(Stored data entries)
(* Let $n\in\mathbb N$, $B\in\mathcal S_n(\mathcal H)$, $J:\mathbb C^n\to\ker(B^*+i)$ an isometry, $U\in\mathrm{Ext}(B)$, and let $K_w(z)=\Omega(z)^*\Omega(w)$ with $\Omega(z)=2i\big((i-\bar z)+(i+\bar z)U\big)^{-1}J$. Then for every $z\in\mathbb C_+$ (at which the inverses exist) $$b(z)\,K_{\bar z}(-i)^{-1}K_{\bar z}(i)=\Phi[U;B](z)=b(z)\,K_i(z)^{-1}K_{-i}(z).$$
   Context: For a separable Hilbert space $\mathcal H$ and $n\in\mathbb N$, $\mathcal S_n(\mathcal H)$ is the set of linear transformations with domain in $\mathcal H$ (not necessarily dense) that are symmetric, closed, simple and have deficiency indices $(n,n)$. $\ker(B^*-z):=\mathrm{ran}(B-\bar z)^\perp$, $b(z)=\frac{z-i}{z+i}$, $b(B)=(B-i)(B+i)^{-1}$. $\mathrm{Ext}(B)$ is the set of unitaries $U$ on Hilbert spaces $\mathcal K\supseteq\mathcal H$ agreeing with $b(B)$ on $\mathrm{ran}(B+i)$ with $\mathcal K$ the smallest $U$-reducing subspace containing $\mathcal H$. For $U\in\mathrm{Ext}(B)$ with spectral measure $P_U$ on $\mathbb T$, $G_U(z)=\int_{\mathbb T}\frac{\alpha+b(z)}{\alpha-b(z)}J^*P_U(d\alpha)J$ and $\Phi[U;B]=(G_U-1)(G_U+1)^{-1}$ on $\mathbb C_+$. *)

theory Defs
  imports "HOL-Analysis.Analysis"
begin

text \<open>The library has no complex inner product spaces, so we introduce a type class.
  The inner product is linear in the second and conjugate-linear in the first argument.
  A complex Hilbert space is a type of class cvec that is also a complete_space.\<close>

class cvec = real_normed_vector +
  fixes scaleC :: "complex \<Rightarrow> 'a \<Rightarrow> 'a"
  fixes cinner :: "'a \<Rightarrow> 'a \<Rightarrow> complex"
  assumes scaleC_add_right: "scaleC a (x + y) = scaleC a x + scaleC a y"
    and scaleC_add_left: "scaleC (a + b) x = scaleC a x + scaleC b x"
    and scaleC_scaleC: "scaleC a (scaleC b x) = scaleC (a * b) x"
    and scaleC_one: "scaleC 1 x = x"
    and scaleC_of_real: "scaleC (complex_of_real r) x = r *\<^sub>R x"
    and cinner_commute: "cinner x y = cnj (cinner y x)"
    and cinner_add_right: "cinner x (y + z) = cinner x y + cinner x z"
    and cinner_scaleC_right: "cinner x (scaleC a y) = a * cinner x y"
    and cinner_self: "cinner x x = complex_of_real ((norm x)\<^sup>2)"

instantiation complex :: cvec
begin
definition scaleC_complex :: "complex \<Rightarrow> complex \<Rightarrow> complex" where "scaleC_complex a x = a * x"
definition cinner_complex :: "complex \<Rightarrow> complex \<Rightarrow> complex" where "cinner_complex x y = cnj x * y"
instance
proof
  fix a b x y z :: complex and r :: real
  show "scaleC a (x + y) = scaleC a x + scaleC a y" by (simp add: scaleC_complex_def distrib_left)
  show "scaleC (a + b) x = scaleC a x + scaleC b x" by (simp add: scaleC_complex_def distrib_right)
  show "scaleC a (scaleC b x) = scaleC (a * b) x" by (simp add: scaleC_complex_def mult.assoc)
  show "scaleC 1 x = x" by (simp add: scaleC_complex_def)
  show "scaleC (complex_of_real r) x = r *\<^sub>R x" by (simp add: scaleC_complex_def scaleR_conv_of_real)
  show "cinner x y = cnj (cinner y x)" by (simp add: cinner_complex_def mult.commute)
  show "cinner x (y + z) = cinner x y + cinner x z" by (simp add: cinner_complex_def distrib_left)
  show "cinner x (scaleC a y) = a * cinner x y" by (simp add: cinner_complex_def scaleC_complex_def)
  show "cinner x x = complex_of_real ((norm x)\<^sup>2)" using complex_norm_square[of x] by (simp add: cinner_complex_def mult.commute)
qed
end

definition separable_hilbert :: "'a::{cvec, complete_space} itself \<Rightarrow> bool" where
  "separable_hilbert _ \<longleftrightarrow> (\<exists>S :: 'a set. countable S \<and> closure S = UNIV)"

definition csubspace :: "'a::cvec set \<Rightarrow> bool" where
  "csubspace M \<longleftrightarrow> 0 \<in> M \<and> (\<forall>x\<in>M. \<forall>y\<in>M. x + y \<in> M) \<and> (\<forall>c. \<forall>x\<in>M. scaleC c x \<in> M)"

definition clinear :: "('a::cvec \<Rightarrow> 'b::cvec) \<Rightarrow> bool" where
  "clinear f \<longleftrightarrow> (\<forall>x y. f (x + y) = f x + f y) \<and> (\<forall>c x. f (scaleC c x) = scaleC c (f x))"
text \<open>In a splitting \<open>x + y\<close> of the tight vector the products \<open>x\<^sub>u y\<^sub>u\<close> are at most \<open>1\<close>
  at \<open>u = 0\<close>, non-positive elsewhere, and even for \<open>0 < u \<le> t\<close>. So if \<open>x \<cdot> y \<ge> 0\<close> they vanish
  for \<open>0 < u \<le> t\<close>, and \<open>x \<cdot> y = 1 - (x\<^sub>0 + 1)\<^sup>2 - \<Sum>\<^sub>u\<^sub>>\<^sub>t x\<^sub>u\<^sup>2\<close>.\<close>

lemma tight_split_bounds:
  assumes t: "1 \<le> t" "t < r" and x_t: "x t \<le> 0"
    and split: "\<And>u. of_bool (u = t) - of_bool (u < t) - of_bool (u = 0) = x u + y u"
    and nonneg: "0 \<le> dot r x y"
  shows "x t = 0" and "\<And>u. 0 < u \<Longrightarrow> u < t \<Longrightarrow> x u = 0 \<or> x u = - 1"
    and "(x 0 + 1)\<^sup>2 + (\<Sum>u\<in>{t<..<r}. (x u)\<^sup>2) \<le> 1"
proof -
  define P where "P u = x u * y u" for u
  define A where "A = {1..<r}"
  have finA: "finite A" by (simp add: A_def)
  have "{..<r} = insert 0 A" using t by (auto simp: A_def)
  then have dot_split: "dot r x y = P 0 + sum P A" by (simp add: dot_def P_def A_def)
  have y_0: "y 0 = - 2 - x 0" using split[of 0] t by simp
  have P_0: "P 0 = 1 - (x 0 + 1)\<^sup>2" unfolding P_def y_0 by (simp add: power2_eq_square algebra_simps)
  have P_nonpos: "P u \<le> 0" if "u \<in> A" for u
    using that split[of u, symmetric] int_mult_nonpos_if_abs_add_le_1[of "x u" "y u"]
    by (cases "u = t"; cases "u < t") (auto simp: P_def A_def)
  have "- 1 \<le> sum P A"
    using dot_split nonneg P_0 zero_le_power2[of "x 0 + 1"] by linarith
  then have P_ge: "- 1 \<le> P u" if "u \<in> A" for u
    using sum_nonpos_le_term[of A P u, OF finA P_nonpos that] by linarith
  have P_low: "P u = 0" if "1 \<le> u" "u \<le> t" for u
  proof -
    have "y u = of_bool (u = t) - of_bool (u < t) - x u" using split[of u] that by auto
    then have "even (P u)" using that by (cases "u = t") (auto simp: P_def)
    then have "P u \<noteq> - 1" by auto
    moreover have "u \<in> A" using that t by (simp add: A_def)
    ultimately show ?thesis using P_ge P_nonpos by (smt (verit))
  qed
  show "x u = 0 \<or> x u = - 1" if "0 < u" "u < t" for u
  proof -
    have "y u = - 1 - x u" using split[of u] that by auto
    then show ?thesis using P_low[of u] that by (auto simp: P_def)
  qed
  have "y t = 1 - x t" using split[of t] t by auto
  then show "x t = 0" using P_low[of t] t x_t by (auto simp: P_def)
  have "P u = - (x u)\<^sup>2" if "u \<in> {t<..<r}" for u
  proof -
    have "y u = - x u" using split[of u] that by auto
    then show ?thesis by (simp add: P_def power2_eq_square)
  qed
  moreover have "A = {1..t} \<union> {t<..<r}" "{1..t} \<inter> {t<..<r} = {}" using t by (auto simp: A_def)
  ultimately have "sum P A = - (\<Sum>u\<in>{t<..<r}. (x u)\<^sup>2)"
    using P_low by (simp add: sum.union_disjoint sum_negf)
  then show "(x 0 + 1)\<^sup>2 + (\<Sum>u\<in>{t<..<r}. (x u)\<^sup>2) \<le> 1"
    using dot_split nonneg P_0 by linarith
qed
lemma proportional_mod_if_dvd_mod_lin_form:
  assumes "dvd_mod (const_poly (int p)) (lin_form l b) (lin_form l a)"
  shows "proportional_mod p l a b"
proof -
  obtain s where s: "const_poly (int p) dvd lin_form l a - lin_form l b * s"
    using assms by (rule dvd_modE)
  have "int p dvd a j - Poly_Mapping.lookup s 0 * b j" if "j < l" for j
  proof -
    have "Poly_Mapping.lookup (lin_form l b * s) (Poly_Mapping.single j 1) =
        (\<Sum>i<l. if i = j then b j * Poly_Mapping.lookup s 0 else 0)"
      unfolding lookup_lin_form_mult by (rule sum.cong) (auto simp: lookup_single when_def)
    then show ?thesis
      using s[unfolded const_poly_dvd_iff, rule_format, of "Poly_Mapping.single j 1"]
        lookup_lin_form_single[OF that, of a]
      using that by (simp add: lookup_minus mult.commute)
  qed
  then show ?thesis
    unfolding proportional_mod_def by blast
qed

section \<open>Basis certificates\<close>

definition defining_poly :: "nat \<Rightarrow> nat \<Rightarrow> (nat \<Rightarrow> nat \<Rightarrow> 'a::comm_ring_1) \<Rightarrow> (nat \<Rightarrow> nat) \<Rightarrow> 'a mpoly" where
  "defining_poly l n alpha m = (\<Prod>i<n. lin_form l (alpha i) ^ m i)"

lemma in_vars_defining_poly: "in_vars l (defining_poly l n alpha m)"
  unfolding defining_poly_def by (intro in_vars_prod in_vars_power in_vars_lin_form)

lemma mpoly_of_int_defining_poly:
  "mpoly_of_int (defining_poly l n alpha m) = defining_poly l n (\<lambda>i j. of_int (alpha i j)) m"
  by (simp add: defining_poly_def mpoly_of_int_prod mpoly_of_int_power mpoly_of_int_lin_form)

Exercise instructions:
From the records above, give again exactly the lines running from the line with "lookup_lin_form_single[OF that, of a]" to the line with "m) = defining_poly", inclusive.

Expected output:
        lookup_lin_form_single[OF that, of a]
      using that by (simp add: lookup_minus mult.commute)
  qed
  then show ?thesis
    unfolding proportional_mod_def by blast
qed

section \<open>Basis certificates\<close>

definition defining_poly :: "nat \<Rightarrow> nat \<Rightarrow> (nat \<Rightarrow> nat \<Rightarrow> 'a::comm_ring_1) \<Rightarrow> (nat \<Rightarrow> nat) \<Rightarrow> 'a mpoly" where
  "defining_poly l n alpha m = (\<Prod>i<n. lin_form l (alpha i) ^ m i)"

lemma in_vars_defining_poly: "in_vars l (defining_poly l n alpha m)"
  unfolding defining_poly_def by (intro in_vars_prod in_vars_power in_vars_lin_form)

lemma mpoly_of_int_defining_poly:
  "mpoly_of_int (defining_poly l n alpha m) = defining_poly l n (\<lambda>i j. of_int (alpha i j)) m"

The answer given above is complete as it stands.